La Buñolera (2016) - song

La Buñolera is another example of the artist's taken pride for her identity as an Afro-Peruvian woman. This song is specifically geared towards "Afro Peruvanas," Afro-Peruvian women

== Exhibitions ==

- Radical Women: Latin American Art, 1960-1985
- Brooklyn Museum: Radical Women: Latin American Art, 1960-1985
- Primer Festival y Seminario Latinoamericano de Televisión in 1970
- Cali Festival, 1971

== Collections ==
Many of the artist's pieces were original or remade songs that now live as collections in CD's or online-accessible music. Access to her musical collections can be streamed through major platforms like Spotify, Apple Music, and Amazon. Her collections include:

- Poemas y Pregones Afro Peruanos (released) April 2, 2013) and includes her famous poem Me Gritaron Negra.

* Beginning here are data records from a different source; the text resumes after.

lemma exp_length_le:
  fixes Q :: "('a list \<times> 'b list) pmf"
  assumes "\<And>x y. length (enc x y) \<le> a + (if (x, y) \<in> S then b else 0)"
  shows "exp_length Q enc \<le> ennreal (real a + real b * measure Q S)"
proof -
  have "exp_length Q enc \<le> (\<integral>\<^sup>+z. ennreal (real a) + ennreal (real b) * indicator S z \<partial>Q)"
    unfolding exp_length_def
  proof (intro nn_integral_mono)
    fix z :: "'a list \<times> 'b list"
    have len: "real (length (enc (fst z) (snd z))) \<le> real (a + (if z \<in> S then b else 0))"
      using assms[of "fst z" "snd z"] by (intro of_nat_mono) simp
    show "ennreal (real (length (enc (fst z) (snd z)))) \<le> ennreal (real a) + ennreal (real b) * indicator S z"
    proof (cases "z \<in> S")
      case True
      with len have "ennreal (real (length (enc (fst z) (snd z)))) \<le> ennreal (real a + real b)"
        by (intro ennreal_leI) simp
      with True show ?thesis by (simp add: ennreal_plus)
    next
      case False
      with len show ?thesis by (simp add: ennreal_leI)
    qed
  qed
  also have "\<dots> = ennreal (real a) + ennreal (real b) * emeasure Q S"
    by (simp add: nn_integral_add nn_integral_cmult_indicator)
  also have "\<dots> = ennreal (real a + real b * measure Q S)"
    by (simp add: measure_pmf.emeasure_eq_measure ennreal_mult ennreal_plus)
  finally show ?thesis .
qed

text \<open>The words of conditional probability in \<open>[lo, hi)\<close> that are encoded: just enough of
  them to raise the success probability to \<open>1 - \<epsilon>\<close>, but no more than \<open>hi\<close> beyond that.\<close>
lemma exists_middle_class:
  fixes Q :: "('a::countable list \<times> 'b::countable list) pmf"
  assumes "\<epsilon> \<le> 1" "0 \<le> hi"
  obtains S where "S \<subseteq> {z. lo \<le> cond_prob Q (fst z) (snd z) \<and> cond_prob Q (fst z) (snd z) < hi}"
    and "1 - measure Q {z. hi \<le> cond_prob Q (fst z) (snd z)} - measure Q S
           \<le> max \<epsilon> (measure Q {z. cond_prob Q (fst z) (snd z) < lo})"
    and "measure Q S \<le> 1 - \<epsilon> + hi"
proof -
  define E where "E = {z. hi \<le> cond_prob Q (fst z) (snd z)}"
  define A where "A = {z. lo \<le> cond_prob Q (fst z) (snd z) \<and> cond_prob Q (fst z) (snd z) < hi}"
  have "pmf Q z \<le> hi" if "z \<in> A" for z
  proof -
    obtain x y where z: "z = (x, y)" by (cases z)
    have "pmf Q z = cond_prob Q x y * pmf (map_pmf snd Q) y" unfolding z by (rule pmf_eq_cond_prob_mult)
    also have "\<dots> \<le> cond_prob Q x y" by (intro mult_left_le pmf_le_1 cond_prob_nonneg)
    also have "\<dots> \<le> hi" using that z by (simp add: A_def)
    finally show ?thesis .
  qed
  then obtain S where "S \<subseteq> A" and S_ge: "min (measure Q A) (1 - \<epsilon> - measure Q E) \<le> measure Q S"
      and S_le: "measure Q S \<le> max (1 - \<epsilon> - measure Q E) 0 + hi"
    using exists_subset_measure_between[of A Q hi "1 - \<epsilon> - measure Q E"] \<open>0 \<le> hi\<close> by auto
  have "measure Q {z. lo \<le> cond_prob Q (fst z) (snd z)} \<le> measure Q (E \<union> A)"
    by (intro measure_pmf.finite_measure_mono) (auto simp: E_def A_def)
  also have "\<dots> \<le> measure Q E + measure Q A" by (rule measure_Un_le) simp_all
  finally have "measure Q {z. lo \<le> cond_prob Q (fst z) (snd z)} \<le> measure Q E + measure Q A" .
  moreover have "{z. cond_prob Q (fst z) (snd z) < lo} = space Q - {z. lo \<le> cond_prob Q (fst z) (snd z)}"
    by auto
  then have "measure Q {z. cond_prob Q (fst z) (snd z) < lo} = 1 - measure Q {z. lo \<le> cond_prob Q (fst z) (snd z)}"
    by (simp only: measure_pmf.prob_compl sets_measure_pmf UNIV_I)
  ultimately have err: "1 - measure Q E - measure Q S \<le> max \<epsilon> (measure Q {z. cond_prob Q (fst z) (snd z) < lo})"
    using S_ge by (cases "measure Q A \<le> 1 - \<epsilon> - measure Q E") (simp_all add: le_max_iff_disj)
  have "max (1 - \<epsilon> - measure Q E) 0 \<le> 1 - \<epsilon>" using \<open>\<epsilon> \<le> 1\<close> measure_nonneg[of Q E] by simp
  with S_le have "measure Q S \<le> 1 - \<epsilon> + hi" by linarith
  with \<open>S \<subseteq> A\<close> err show ?thesis unfolding A_def E_def by (rule that)
qed

lemma one_shot_achievability:
  fixes Q :: "('a::countable list \<times> 'b::countable list) pmf"
  assumes "\<epsilon> \<le> 1"
  shows "\<exists>(enc :: 'a list \<Rightarrow> 'b list \<Rightarrow> bool list) (dec :: bool list \<Rightarrow> 'b list \<Rightarrow> 'a list). com_code n enc
    \<and> err_prob Q enc dec \<le> max \<epsilon> (measure Q {z. cond_prob Q (fst z) (snd z) < 1 / 2 ^ k2})
    \<and> exp_length Q enc \<le> ennreal (real (2 + k1) + real (2 + k2) * (1 - \<epsilon> + 1 / 2 ^ k1))"
proof -
  define E where "E = {z. 1 / 2 ^ k1 \<le> cond_prob Q (fst z) (snd z)}"
  obtain S where S_sub: "S \<subseteq> {z. 1 / 2 ^ k2 \<le> cond_prob Q (fst z) (snd z) \<and> cond_prob Q (fst z) (snd z) < 1 / 2 ^ k1}"
    and S_err: "1 - measure Q E - measure Q S \<le> max \<epsilon> (measure Q {z. cond_prob Q (fst z) (snd z) < 1 / 2 ^ k2})"
    and S_le: "measure Q S \<le> 1 - \<epsilon> + 1 / 2 ^ k1"
    using exists_middle_class[OF \<open>\<epsilon> \<le> 1\<close>, where hi = "1 / 2 ^ k1" and lo = "1 / 2 ^ k2" and Q = Q]
    unfolding E_def by auto
  have "finite {x. (x, y) \<in> E}" "card {x. (x, y) \<in> E} \<le> 2 ^ k1" for y
    using card_cond_prob_ge_inverse_pow2[of k1 Q y] by (simp_all add: E_def)
  moreover have "finite {x. (x, y) \<in> S}" "card {x. (x, y) \<in> S} \<le> 2 ^ k2" for y
  proof -
    have "{x. (x, y) \<in> S} \<subseteq> {x. 1 / 2 ^ k2 \<le> cond_prob Q x y}" using S_sub by auto
    then show "finite {x. (x, y) \<in> S}" "card {x. (x, y) \<in> S} \<le> 2 ^ k2"
      using card_cond_prob_ge_inverse_pow2[of k2 Q y] by (auto intro: finite_subset card_mono order_trans)
  qed
  ultimately obtain enc :: "'a list \<Rightarrow> 'b list \<Rightarrow> bool list" and dec :: "bool list \<Rightarrow> 'b list \<Rightarrow> 'a list"
    where tagged: "\<And>x y. enc x y \<in> tagged_codewords k1 k2"
      and decodes: "\<And>x y. (x, y) \<in> E \<union> S \<Longrightarrow> dec (enc x y) y = x"
      and length: "\<And>x y. length (enc x y) \<le> 2 + k1 + (if (x, y) \<in> S then 2 + k2 else 0)"
    using two_class_code_exists[of E k1 S k2] by blast
  have "err_prob Q enc dec \<le> measure Q (- (E \<union> S))"
    unfolding err_prob_def by (intro measure_pmf.finite_measure_mono) (auto simp: decodes)
  also have "\<dots> = 1 - measure Q (E \<union> S)"
    by (simp add: measure_pmf.prob_compl[symmetric] Compl_eq_Diff_UNIV)
  also have "measure Q (E \<union> S) = measure Q E + measure Q S"
    using S_sub by (intro measure_pmf.finite_measure_Union) (auto simp: E_def)
  finally have "err_prob Q enc dec \<le> max \<epsilon> (measure Q {z. cond_prob Q (fst z) (snd z) < 1 / 2 ^ k2})"
    using S_err by linarith
  moreover have "exp_length Q enc \<le> ennreal (real (2 + k1) + real (2 + k2) * (1 - \<epsilon> + 1 / 2 ^ k1))"
  proof -
    have "exp_length Q enc \<le> ennreal (real (2 + k1) + real (2 + k2) * measure Q S)"
      by (rule exp_length_le) (use length in auto)
    also have "\<dots> \<le> ennreal (real (2 + k1) + real (2 + k2) * (1 - \<epsilon> + 1 / 2 ^ k1))"
      using S_le by (intro ennreal_leI add_left_mono mult_left_mono) simp_all
    finally show ?thesis .
  qed
  moreover have "com_code n enc" using tagged by (rule com_code_if_tagged)
  ultimately show ?thesis by blast
qed

lemma one_shot_achievability_powr:
  fixes Q :: "('a::countable list \<times> 'b::countable list) pmf"
  assumes "\<epsilon> \<le> 1" "0 \<le> a" "0 \<le> d"
  shows "\<exists>(enc :: 'a list \<Rightarrow> 'b list \<Rightarrow> bool list) (dec :: bool list \<Rightarrow> 'b list \<Rightarrow> 'a list). com_code n enc
    \<and> err_prob Q enc dec \<le> max \<epsilon> (measure Q {z. cond_prob Q (fst z) (snd z) < 2 powr - a})
    \<and> exp_length Q enc \<le> ennreal (3 + d + (3 + a) * (1 - \<epsilon> + 2 powr - d))"
proof -
  define k1 where "k1 = nat \<lceil>d\<rceil>"
  define k2 where "k2 = nat \<lceil>a\<rceil>"
  obtain enc :: "'a list \<Rightarrow> 'b list \<Rightarrow> bool list" and dec :: "bool list \<Rightarrow> 'b list \<Rightarrow> 'a list"
    where "com_code n enc"
    and err: "err_prob Q enc dec \<le> max \<epsilon> (measure Q {z. cond_prob Q (fst z) (snd z) < 1 / 2 ^ k2})"
    and len: "exp_length Q enc \<le> ennreal (real (2 + k1) + real (2 + k2) * (1 - \<epsilon> + 1 / 2 ^ k1))"
    using one_shot_achievability[OF \<open>\<epsilon> \<le> 1\<close>] by blast
  have thresholds: "1 / 2 ^ k2 \<le> (2::real) powr - a" "1 / 2 ^ k1 \<le> (2::real) powr - d"
    unfolding k1_def k2_def by (intro inverse_pow2_le_powr; linarith)+
  have lengths: "real (2 + k1) \<le> 3 + d" "real (2 + k2) \<le> 3 + a"
    unfolding k1_def k2_def using assms by linarith+
  have "real (2 + k1) + real (2 + k2) * (1 - \<epsilon> + 1 / 2 ^ k1) \<le> 3 + d + (3 + a) * (1 - \<epsilon> + 2 powr - d)"
    using thresholds lengths \<open>\<epsilon> \<le> 1\<close> by (intro add_mono mult_mono) auto
  then have "exp_length Q enc \<le> ennreal (3 + d + (3 + a) * (1 - \<epsilon> + 2 powr - d))"
    by (rule order_trans[OF len ennreal_leI])
  moreover have "measure Q {z. cond_prob Q (fst z) (snd z) < 1 / 2 ^ k2}
      \<le> measure Q {z. cond_prob Q (fst z) (snd z) < 2 powr - a}"
    using thresholds by (intro measure_pmf.finite_measure_mono) auto
  then have "err_prob Q enc dec \<le> max \<epsilon> (measure Q {z. cond_prob Q (fst z) (snd z) < 2 powr - a})"
    by (rule order_trans[OF err max.mono[OF order_refl]])
  ultimately show ?thesis using \<open>com_code n enc\<close> by blast
qed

- Con Victoria Santa Cruz y Gente Morena (released October 2, 2015), includes her song Las Lavanderas.

- Victoria Santa Cruz: Orgullosa Afro Peruana (released May 11, 2016) and includes her biggest hits like Cumanana, La Buñolera, and Pa' Goza Con el Ritmo del Tambo.

== Awards and honors ==

- She received a scholarship by the French government and traveled to Paris to study choreography. Here, she succeeded as the creator and designer of the wardrobe for the play El Retablo de Don Cristóbal by Federico García Lorca.
- Best Folklorist, 1970
- Appointed Director of the National Folklore Ensemble of the National Institute of Culture in 1973

== Death ==
In her last interview, Victoria Santa Cruz responds to the question "what has racism taught you?" by stating "in a little while, I will leave this life... and I want to leave in peace, with my conscience clean, and we'll see what happens here. But everything is weakened, dislocated in the entire world. And everyone is losing because really, this is not how you fight."

She died on August 30, 2014, in Lima, Peru.